Segment Open
lemma walk_edges_remove_leaf:
  assumes bl: "bal_leaf w v" and ev: "even (length w)"
  defines "e \<equiv> step_edge w (int (position w v))"
  shows "walk_edges w = walk_edges (remove_leaf w v) + {#e, e#}"
proof -
  define t where "t = int (position w v)"
  define w' where "w' = remove_leaf w v"
  define m where "m = length w - 3"
  define f where "f = (\<lambda>q. step_edge w (t + 1 + int q))"
  define g where "g = (\<lambda>q. step_edge w' (t + int q))"
  have L: "length w = m + 3" using bal_leafD(1)[OF bl] by (simp add: m_def)
  have L': "length w' = m + 1" using length_remove_leaf[OF bl] L by (simp add: w'_def)
  have ev': "even (length w')" using L L' ev by simp
  have rc: "cnth w' z = cnth w (z + 2)" if "t \<le> z" "z < t + int m + 1" for z
    using cnth_remove_leaf[OF bl] that L by (simp add: t_def w'_def)
  have bal: "cnth w (t - 1) = cnth w (t + 1)" using bal_leafD(3)[OF bl] by (simp add: t_def)
  have "odd (int m)" using ev L by simp
  have g_f: "g q = f (Suc q)" if "q < m" for q
    using that rc[of "t + int q"] rc[of "t + int q + 1"] by (simp add: f_def g_def step_edge_def ac_simps)
  have g_m: "g m = f 0"
  proof -
    have "cnth w' (t + int m) = cnth w (t + 1)"
      using rc[of "t + int m"] bal cnth_add_length[of w "t - 1"] L by (simp add: ac_simps)
    moreover have "cnth w' (t + int m + 1) = cnth w (t + 1 + 1)"
      using cnth_add_length[of w' t] rc[of t] L' by (simp add: ac_simps)
    ultimately show ?thesis using \<open>odd (int m)\<close> by (simp add: f_def g_def step_edge_def)
  qed
  have f_end: "f (Suc m) = step_edge w t" "f (Suc (Suc m)) = step_edge w t"
  proof -
    have "f (Suc m) = step_edge w (t - 1)"
      using step_edge_add_length[OF ev, of "t - 1"] L by (simp add: f_def ac_simps)
    also have "\<dots> = step_edge w t" using bal by (simp add: step_edge_def)
    finally show "f (Suc m) = step_edge w t" .
    show "f (Suc (Suc m)) = step_edge w t"
      using step_edge_add_length[OF ev, of t] L by (simp add: f_def ac_simps)
  qed
  have "walk_edges w' = mset (map g [0..<m] @ [g m])"
    using walk_edges_window[OF ev', of t] L' by (simp add: g_def)
  also have "map g [0..<m] @ [g m] = map (\<lambda>q. f (Suc q)) [0..<m] @ [f 0]" using g_f g_m by simp
  finally have "walk_edges w' = mset (map f [0..<Suc m])" by (simp add: map_upt_Suc del: upt_Suc)
  moreover have "walk_edges w = mset (map f [0..<Suc m]) + {#f (Suc m), f (Suc (Suc m))#}"
    using walk_edges_window[OF ev, of "t + 1"] L by (simp add: f_def numeral_3_eq_3)
  ultimately show ?thesis using f_end by (simp add: e_def t_def w'_def)
qed

section \<open>Products of moments\<close>

text \<open>For i.i.d. entries with moments \<mu> n = E[Y^n], moment_prod \<mu> F is the expectation
  of the product of the entries indexed by the multiset F.\<close>

definition moment_prod :: "(nat \<Rightarrow> 'b::comm_ring_1) \<Rightarrow> 'a multiset \<Rightarrow> 'b" where
  "moment_prod \<mu> F = (\<Prod>e\<in>set_mset F. \<mu> (count F e))"

definition moment_cov :: "(nat \<Rightarrow> 'b::comm_ring_1) \<Rightarrow> 'a multiset \<Rightarrow> 'a multiset \<Rightarrow> 'b" where
  "moment_cov \<mu> F G = moment_prod \<mu> (F + G) - moment_prod \<mu> F * moment_prod \<mu> G"

lemma moment_prod_union_disjoint:
  assumes "set_mset F \<inter> set_mset G = {}"
  shows "moment_prod \<mu> (F + G) = moment_prod \<mu> F * moment_prod \<mu> G"
proof -
  have "moment_prod \<mu> (F + G)
      = (\<Prod>e\<in>set_mset F. \<mu> (count (F + G) e)) * (\<Prod>e\<in>set_mset G. \<mu> (count (F + G) e))"
    using assms by (simp add: moment_prod_def prod.union_disjoint)
  also have "(\<Prod>e\<in>set_mset F. \<mu> (count (F + G) e)) = moment_prod \<mu> F"
    unfolding moment_prod_def
  proof (intro prod.cong refl)
    fix e assume "e \<in> set_mset F"
    then have "e \<notin># G" using assms by blast
    then show "\<mu> (count (F + G) e) = \<mu> (count F e)" by (simp add: not_in_iff)
  qed
  also have "(\<Prod>e\<in>set_mset G. \<mu> (count (F + G) e)) = moment_prod \<mu> G"
    unfolding moment_prod_def
  proof (intro prod.cong refl)
    fix e assume "e \<in> set_mset G"
    then have "e \<notin># F" using assms by blast
    then show "\<mu> (count (F + G) e) = \<mu> (count G e)" by (simp add: not_in_iff)
  qed
  finally show ?thesis .
qed

lemma moment_prod_eq_0:
  assumes "\<mu> 1 = 0" "count F e = 1"
  shows "moment_prod \<mu> F = 0"
proof -
  have "e \<in># F" using assms(2) not_in_iff[of e F] by simp
  then show ?thesis
    using assms unfolding moment_prod_def by (intro prod_zero) (auto intro!: bexI[of _ e])
qed

lemma moment_prod_add_pair:
  assumes "e \<notin># F"
  shows "moment_prod \<mu> (F + {#e, e#}) = \<mu> 2 * moment_prod \<mu> F"
proof -
  have "moment_prod \<mu> (F + {#e, e#})
      = \<mu> (count (F + {#e, e#}) e) * (\<Prod>x\<in>set_mset F. \<mu> (count (F + {#e, e#}) x))"
    using assms by (simp add: moment_prod_def prod.insert)
  also have "(\<Prod>x\<in>set_mset F. \<mu> (count (F + {#e, e#}) x)) = moment_prod \<mu> F"
    unfolding moment_prod_def using assms by (intro prod.cong) auto
  also have "count (F + {#e, e#}) e = 2" using assms by (simp add: not_in_iff)
  finally show ?thesis by simp
qed

lemma moment_prod_const:
  "(\<And>e. e \<in># F \<Longrightarrow> count F e = c) \<Longrightarrow> moment_prod \<mu> F = \<mu> c ^ card (set_mset F)"
  by (simp add: moment_prod_def)

lemma moment_cov_commute: "moment_cov \<mu> F G = moment_cov \<mu> G F"
  by (simp add: moment_cov_def ac_simps)

lemma moment_cov_add_pair:
  assumes "e \<notin># F" "e \<notin># G" "\<mu> 2 = 1"
  shows "moment_cov \<mu> (F + {#e, e#}) G = moment_cov \<mu> F G"
proof -
  have "F + {#e, e#} + G = (F + G) + {#e, e#}" by (simp add: ac_simps)
  then show ?thesis
    using assms moment_prod_add_pair[of e "F + G" \<mu>] moment_prod_add_pair[of e F \<mu>]
    by (simp add: moment_cov_def)
qed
Segment Closed
Look above for the line containing "using that rc[of" and the line containing "mset (map g". Transcribe both, with the lines between them, exactly.

> **Answer**
    using that rc[of "t + int q"] rc[of "t + int q + 1"] by (simp add: f_def g_def step_edge_def ac_simps)
  have g_m: "g m = f 0"
  proof -
    have "cnth w' (t + int m) = cnth w (t + 1)"
      using rc[of "t + int m"] bal cnth_add_length[of w "t - 1"] L by (simp add: ac_simps)
    moreover have "cnth w' (t + int m + 1) = cnth w (t + 1 + 1)"
      using cnth_add_length[of w' t] rc[of t] L' by (simp add: ac_simps)
    ultimately show ?thesis using \<open>odd (int m)\<close> by (simp add: f_def g_def step_edge_def)
  qed
  have f_end: "f (Suc m) = step_edge w t" "f (Suc (Suc m)) = step_edge w t"
  proof -
    have "f (Suc m) = step_edge w (t - 1)"
      using step_edge_add_length[OF ev, of "t - 1"] L by (simp add: f_def ac_simps)
    also have "\<dots> = step_edge w t" using bal by (simp add: step_edge_def)
    finally show "f (Suc m) = step_edge w t" .
    show "f (Suc (Suc m)) = step_edge w t"
      using step_edge_add_length[OF ev, of t] L by (simp add: f_def ac_simps)
  qed
  have "walk_edges w' = mset (map g [0..<m] @ [g m])"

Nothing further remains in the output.